WORK REQUIRED: Write out each line of the entries exactly, starting at the first and finishing with the line that contains "with h obtain".

[Stored items]
lemma arc_isotopic_isotopy_image_iff:
  assumes h: "isotopy_rel X A h" and \<mu>: "\<mu> \<subseteq> A"
  shows "arc_isotopic X (h 1 ` \<mu>) \<rho> \<longleftrightarrow> arc_isotopic X \<mu> \<rho>"
proof
  have "(1::real) \<in> {0..1}" by simp
  with h obtain k where hk: "homeomorphism A (h 1 ` A) (h 1) k" by (rule isotopy_rel_homeomorphism)
  assume "arc_isotopic X (h 1 ` \<mu>) \<rho>"
  then obtain q r where qr: "param_isotopic X q r" "h 1 ` \<mu> = q ` {0..1}" "\<rho> = r ` {0..1}"
    unfolding arc_isotopic_iff_param_isotopic by blast
  have q: "arc_param X q" using param_isotopic_arc_param(1)[OF qr(1)] .
  have qR: "q ` {0..1} \<subseteq> h 1 ` A" using qr(2) \<mu> by blast
  have "(\<lambda>s. k (q s)) ` {0..1} = k ` h 1 ` \<mu>" by (simp add: qr(2) image_image)
  also have "\<dots> = (\<lambda>x. k (h 1 x)) ` \<mu>" by (simp add: image_image)
  also have "\<dots> = (\<lambda>x. x) ` \<mu>" using \<mu> homeomorphism_apply1[OF hk] by (intro image_cong) auto
  also have "\<dots> = \<mu>" by simp
  finally have kq: "(\<lambda>s. k (q s)) ` {0..1} = \<mu>" .
  have "arc_param X (\<lambda>s. k (q s))"
  proof (rule arc_param_homeomorphism_image[OF q qR homeomorphism_symD[OF hk]])
    show "A \<subseteq> S2" by (rule isotopy_relD(1)[OF h])
    show "\<forall>y\<in>h 1 ` A. k y \<in> X \<longleftrightarrow> y \<in> X"
    proof
      fix y assume "y \<in> h 1 ` A"
      then obtain x where "x \<in> A" "y = h 1 x" by blast
      moreover have "h 1 x \<in> X \<longleftrightarrow> x \<in> X" using isotopy_relD(5)[OF h] \<open>x \<in> A\<close> by simp
      ultimately show "k y \<in> X \<longleftrightarrow> y \<in> X" using homeomorphism_apply1[OF hk] by simp
    qed
  qed
  then have "param_isotopic X (\<lambda>s. k (q s)) (\<lambda>s. h 1 (k (q s)))"
    by (rule param_isotopic_isotopy_image[OF h]) (use kq \<mu> in simp)
  then have "param_isotopic X (\<lambda>s. k (q s)) q"
    by (rule param_isotopic_cong) (use qR homeomorphism_apply2[OF hk] in blast)
  then have "param_isotopic X (\<lambda>s. k (q s)) r" using qr(1) by (rule param_isotopic_trans)
  then show "arc_isotopic X \<mu> \<rho>" unfolding arc_isotopic_iff_param_isotopic using kq qr(3) by blast
next
  assume "arc_isotopic X \<mu> \<rho>"
  then obtain p r where pr: "param_isotopic X p r" "\<mu> = p ` {0..1}" "\<rho> = r ` {0..1}"
    unfolding arc_isotopic_iff_param_isotopic by blast
  have "param_isotopic X p (\<lambda>s. h 1 (p s))"
    by (rule param_isotopic_isotopy_image[OF h param_isotopic_arc_param(1)[OF pr(1)]])
      (use pr(2) \<mu> in simp)
  then have "param_isotopic X (\<lambda>s. h 1 (p s)) r" using param_isotopic_sym param_isotopic_trans pr(1) by blast
  moreover have "(\<lambda>s. h 1 (p s)) ` {0..1} = h 1 ` \<mu>" by (simp add: pr(2) image_image)
  ultimately show "arc_isotopic X (h 1 ` \<mu>) \<rho>"
    unfolding arc_isotopic_iff_param_isotopic using pr(3) by blast
qed

lemma arc_in_isotopy_image:
  assumes "isotopy_rel X A h" "\<mu> \<subseteq> A" "arc_in X \<mu>"
  shows "arc_in X (h 1 ` \<mu>)"
proof -
  obtain p where p: "arc_param X p" "\<mu> = p ` {0..1}"
    using assms(3) unfolding arc_in_def by blast
  have "arc_param X (\<lambda>s. h 1 (p s))"
    using arc_param_isotopy_image[OF assms(1) _ p(1)] p(2) assms(2) by simp
  moreover have "h 1 ` \<mu> = (\<lambda>s. h 1 (p s)) ` {0..1}" by (simp add: p(2) image_image)
  ultimately show ?thesis unfolding arc_in_def by blast
qed

section \<open>Transporting lifts along a homeomorphism\<close>

text \<open>The image of a component \<open>C\<close> of \<open>Y\<close> is clopen in \<open>Z\<close>: open because \<open>C\<close> is open in
  \<open>Y\<close> and \<open>Z \<inter> R\<close> is open in \<open>Z\<close>, closed because it is the trace on \<open>Z\<close> of the compact image
  of the closure of \<open>C\<close>.\<close>

lemma connected_component_homeomorphic_image:
  fixes h :: "'a::topological_space \<Rightarrow> 'b::t2_space"
  assumes hom: "homeomorphism A R h k" and YZ: "h ` (Y \<inter> A) = Z \<inter> R"
    and ZR: "openin (top_of_set Z) (Z \<inter> R)" and x: "x \<in> Y"
    and C_open: "openin (top_of_set Y) (connected_component_set Y x)"
    and C_closure: "compact (closure (connected_component_set Y x))"
      "closure (connected_component_set Y x) \<subseteq> A"
  shows "connected_component_set Z (h x) = h ` connected_component_set Y x"
proof -
  define C where "C = connected_component_set Y x"
  have CY: "C \<subseteq> Y" unfolding C_def by (rule connected_component_subset)
  have CA: "C \<subseteq> A" using C_closure(2) closure_subset unfolding C_def by blast
  have "openin (top_of_set (Z \<inter> R)) (h ` C)"
  proof (rule homeomorphism_imp_open_map)
    show "homeomorphism (Y \<inter> A) (Z \<inter> R) h k"
      by (rule homeomorphism_of_subsets[OF hom _ _ YZ]) auto
    show "openin (top_of_set (Y \<inter> A)) C"
      using C_open CY CA unfolding C_def[symmetric] by (blast intro: openin_subset_trans)
  qed
  then have "openin (top_of_set Z) (h ` C)" using ZR by (rule openin_trans)
  moreover have "h ` C = Z \<inter> h ` closure C"
  proof
    show "h ` C \<subseteq> Z \<inter> h ` closure C" using YZ CY CA closure_subset[of C] by blast
    show "Z \<inter> h ` closure C \<subseteq> h ` C"
    proof
      fix z assume z: "z \<in> Z \<inter> h ` closure C"
      then obtain w where w: "w \<in> closure C" "z = h w" by blast
      then have "z \<in> h ` (Y \<inter> A)" using YZ z C_closure(2) homeomorphism_image1[OF hom]
        unfolding C_def by blast
      then obtain w' where w': "w' \<in> Y \<inter> A" "h w' = h w" using w(2) by blast
      then have "w' = w"
        using homeomorphism_apply1[OF hom] w(1) C_closure(2) unfolding C_def by (metis IntE subsetD)
      then have "w \<in> Y" using w' by blast
      moreover obtain T where "closed T" "C = Y \<inter> T"
        using closedin_connected_component[of Y x] unfolding C_def closedin_closed by blast
      ultimately have "w \<in> C" using w(1) closure_minimal[of C T] by blast
      then show "z \<in> h ` C" using w by blast
    qed
  qed
  then have "closedin (top_of_set Z) (h ` C)"
    using compact_continuous_image[OF continuous_on_subset[OF homeomorphism_cont1[OF hom]] C_closure(1)]
      C_closure(2) unfolding C_def[symmetric] by (simp add: closedin_closed_Int compact_imp_closed)
  moreover have "connected (h ` C)"
    using connected_continuous_image[OF continuous_on_subset[OF homeomorphism_cont1[OF hom] CA]]
    unfolding C_def by simp
  moreover have "h x \<in> h ` C" unfolding C_def using x by simp
  ultimately show ?thesis unfolding C_def[symmetric] by (intro connected_component_eq_clopen)
qed

lemma lift_of_homeomorphism_image:
  assumes f: "continuous_on S2 f" "f ` S2 \<subseteq> S2" "\<forall>p\<in>S2. \<exists>k\<ge>1. local_form f p k"
    and q: "arc_param X q"
    and hk: "homeomorphism A R h1 k" and AS: "A \<subseteq> S2" and RS: "R \<subseteq> S2"
    and gh: "\<forall>w\<in>A. g (h1 w) = f w"
    and U: "openin (top_of_set S2) U" "U \<subseteq> R" "\<forall>z\<in>R - U. g z \<in> X"
    and \<mu>: "lift_of f X (q ` {0..1}) \<mu>" "\<mu> \<subseteq> A"
  shows "lift_of g X (q ` {0..1}) (h1 ` \<mu>)"
proof -
  define Y where "Y = S2 \<inter> f -` (q ` {0..1} - X)"
  define Z where "Z = S2 \<inter> g -` (q ` {0..1} - X)"
  obtain x where x: "x \<in> Y" and \<mu>C: "\<mu> = closure (connected_component_set Y x)"
    using \<mu>(1) unfolding lift_of_def Y_def by blast
  have YZ: "h1 ` (Y \<inter> A) = Z \<inter> R"
  proof
    show "h1 ` (Y \<inter> A) \<subseteq> Z \<inter> R"
      using gh homeomorphism_image1[OF hk] RS unfolding Y_def Z_def by auto
    show "Z \<inter> R \<subseteq> h1 ` (Y \<inter> A)"
    proof
      fix z assume z: "z \<in> Z \<inter> R"
      then have "k z \<in> A" "h1 (k z) = z"
        using homeomorphism_image2[OF hk] homeomorphism_apply2[OF hk] by auto
      then have "k z \<in> Y" using z gh AS unfolding Y_def Z_def by force
      then show "z \<in> h1 ` (Y \<inter> A)" using \<open>k z \<in> A\<close> \<open>h1 (k z) = z\<close> by force
    qed
  qed
  have "openin (top_of_set Z) (Z \<inter> R)"
  proof -
    obtain G where "open G" "U = S2 \<inter> G" using U(1) by (auto simp: openin_open)
    moreover have "Z \<inter> R = Z \<inter> U" using U(2,3) unfolding Z_def by blast
    ultimately have "Z \<inter> R = Z \<inter> G" unfolding Z_def by blast
    then show ?thesis using \<open>open G\<close> by (simp add: openin_open_Int)
  qed
  moreover have "openin (top_of_set Y) (connected_component_set Y x)"
    unfolding Y_def using openin_lift_component[OF f q] by blast
  moreover have "compact \<mu>"
  proof -
    have "connected_component_set Y x \<subseteq> S2"
      using connected_component_subset unfolding Y_def by blast
    then have "bounded (connected_component_set Y x)"
      using bounded_subset[of S2] unfolding S2_def by simp
    then show ?thesis unfolding \<mu>C by (simp add: compact_closure)
  qed
  ultimately have component: "connected_component_set Z (h1 x) = h1 ` connected_component_set Y x"
    using connected_component_homeomorphic_image[OF hk YZ _ x] \<mu> unfolding \<mu>C by blast
  have closure: "closure (h1 ` connected_component_set Y x) = h1 ` \<mu>"
    using \<open>compact \<mu>\<close> continuous_on_subset[OF homeomorphism_cont1[OF hk] \<mu>(2)] unfolding \<mu>C
    by (rule closure_image_compact_closure)
  have "x \<in> connected_component_set Y x" using x by simp
  then have "h1 x \<in> connected_component_set Z (h1 x)" unfolding component by blast
  then have "h1 x \<in> Z" using connected_component_subset by blast
  moreover have "h1 ` \<mu> = closure (connected_component_set Z (h1 x))" using closure component by simp
  ultimately show ?thesis unfolding lift_of_def Z_def[symmetric] by blast
qed

lemma arc_system_image:
  assumes L: "arc_system X L" and arcs: "\<forall>\<mu>\<in>L. arc_in X (\<Phi> \<mu>)"
    and iso: "\<forall>\<mu>\<in>L. \<forall>\<rho>. arc_isotopic X (\<Phi> \<mu>) \<rho> \<longleftrightarrow> arc_isotopic X \<mu> \<rho>"
  shows "arc_system X (\<Phi> ` L)"
  unfolding arc_system_def
proof (intro conjI ballI impI)
  show "arc_in X \<nu>" if "\<nu> \<in> \<Phi> ` L" for \<nu> using that arcs by blast
  fix \<nu>1 \<nu>2 assume \<nu>: "\<nu>1 \<in> \<Phi> ` L" "\<nu>2 \<in> \<Phi> ` L" "\<nu>1 \<noteq> \<nu>2"
  then obtain \<mu>1 \<mu>2 where \<mu>: "\<mu>1 \<in> L" "\<mu>2 \<in> L" "\<nu>1 = \<Phi> \<mu>1" "\<nu>2 = \<Phi> \<mu>2" "\<mu>1 \<noteq> \<mu>2" by blast
  show "\<not> arc_isotopic X \<nu>1 \<nu>2"
  proof
    assume "arc_isotopic X \<nu>1 \<nu>2"
    then have "arc_isotopic X \<nu>2 \<mu>1" using iso \<mu> arc_isotopic_sym by blast
    then have "arc_isotopic X \<mu>1 \<mu>2" using iso \<mu> arc_isotopic_sym by blast
    then show False using L \<mu> unfolding arc_system_def by blast
  qed
qed

lemma sys_isotopic_image:
  assumes iso: "\<forall>\<mu>\<in>L. \<forall>\<rho>. arc_isotopic X (\<Phi> \<mu>) \<rho> \<longleftrightarrow> arc_isotopic X \<mu> \<rho>"
    and L: "sys_isotopic X L \<Lambda>"
  shows "sys_isotopic X (\<Phi> ` L) \<Lambda>"
  unfolding sys_isotopic_def
proof (intro conjI ballI)
  fix \<nu> assume "\<nu> \<in> \<Phi> ` L"
  then obtain \<mu> where "\<mu> \<in> L" "\<nu> = \<Phi> \<mu>" by blast
  then show "\<exists>!\<rho>. \<rho> \<in> \<Lambda> \<and> arc_isotopic X \<nu> \<rho>"
    using L iso unfolding sys_isotopic_def by simp
next
  have iso': "arc_isotopic X \<rho> (\<Phi> \<mu>) \<longleftrightarrow> arc_isotopic X \<rho> \<mu>" if "\<mu> \<in> L" for \<mu> \<rho>
    using iso that arc_isotopic_sym by blast
  fix \<rho> assume "\<rho> \<in> \<Lambda>"
  then obtain \<mu> where \<mu>: "\<mu> \<in> L" "arc_isotopic X \<rho> \<mu>"
    and unique: "\<And>\<mu>'. \<mu>' \<in> L \<Longrightarrow> arc_isotopic X \<rho> \<mu>' \<Longrightarrow> \<mu>' = \<mu>"
    using L unfolding sys_isotopic_def by metis
  show "\<exists>!\<nu>. \<nu> \<in> \<Phi> ` L \<and> arc_isotopic X \<rho> \<nu>"
  proof (rule ex1I[of _ "\<Phi> \<mu>"])
    show "\<Phi> \<mu> \<in> \<Phi> ` L \<and> arc_isotopic X \<rho> (\<Phi> \<mu>)" using \<mu> iso' by blast
    fix \<nu> assume "\<nu> \<in> \<Phi> ` L \<and> arc_isotopic X \<rho> \<nu>"
    then show "\<nu> = \<Phi> \<mu>" using unique iso' by blast
  qed
qed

WRITTEN ANSWER:
lemma arc_isotopic_isotopy_image_iff:
  assumes h: "isotopy_rel X A h" and \<mu>: "\<mu> \<subseteq> A"
  shows "arc_isotopic X (h 1 ` \<mu>) \<rho> \<longleftrightarrow> arc_isotopic X \<mu> \<rho>"
proof
  have "(1::real) \<in> {0..1}" by simp
  with h obtain k where hk: "homeomorphism A (h 1 ` A) (h 1) k" by (rule isotopy_rel_homeomorphism)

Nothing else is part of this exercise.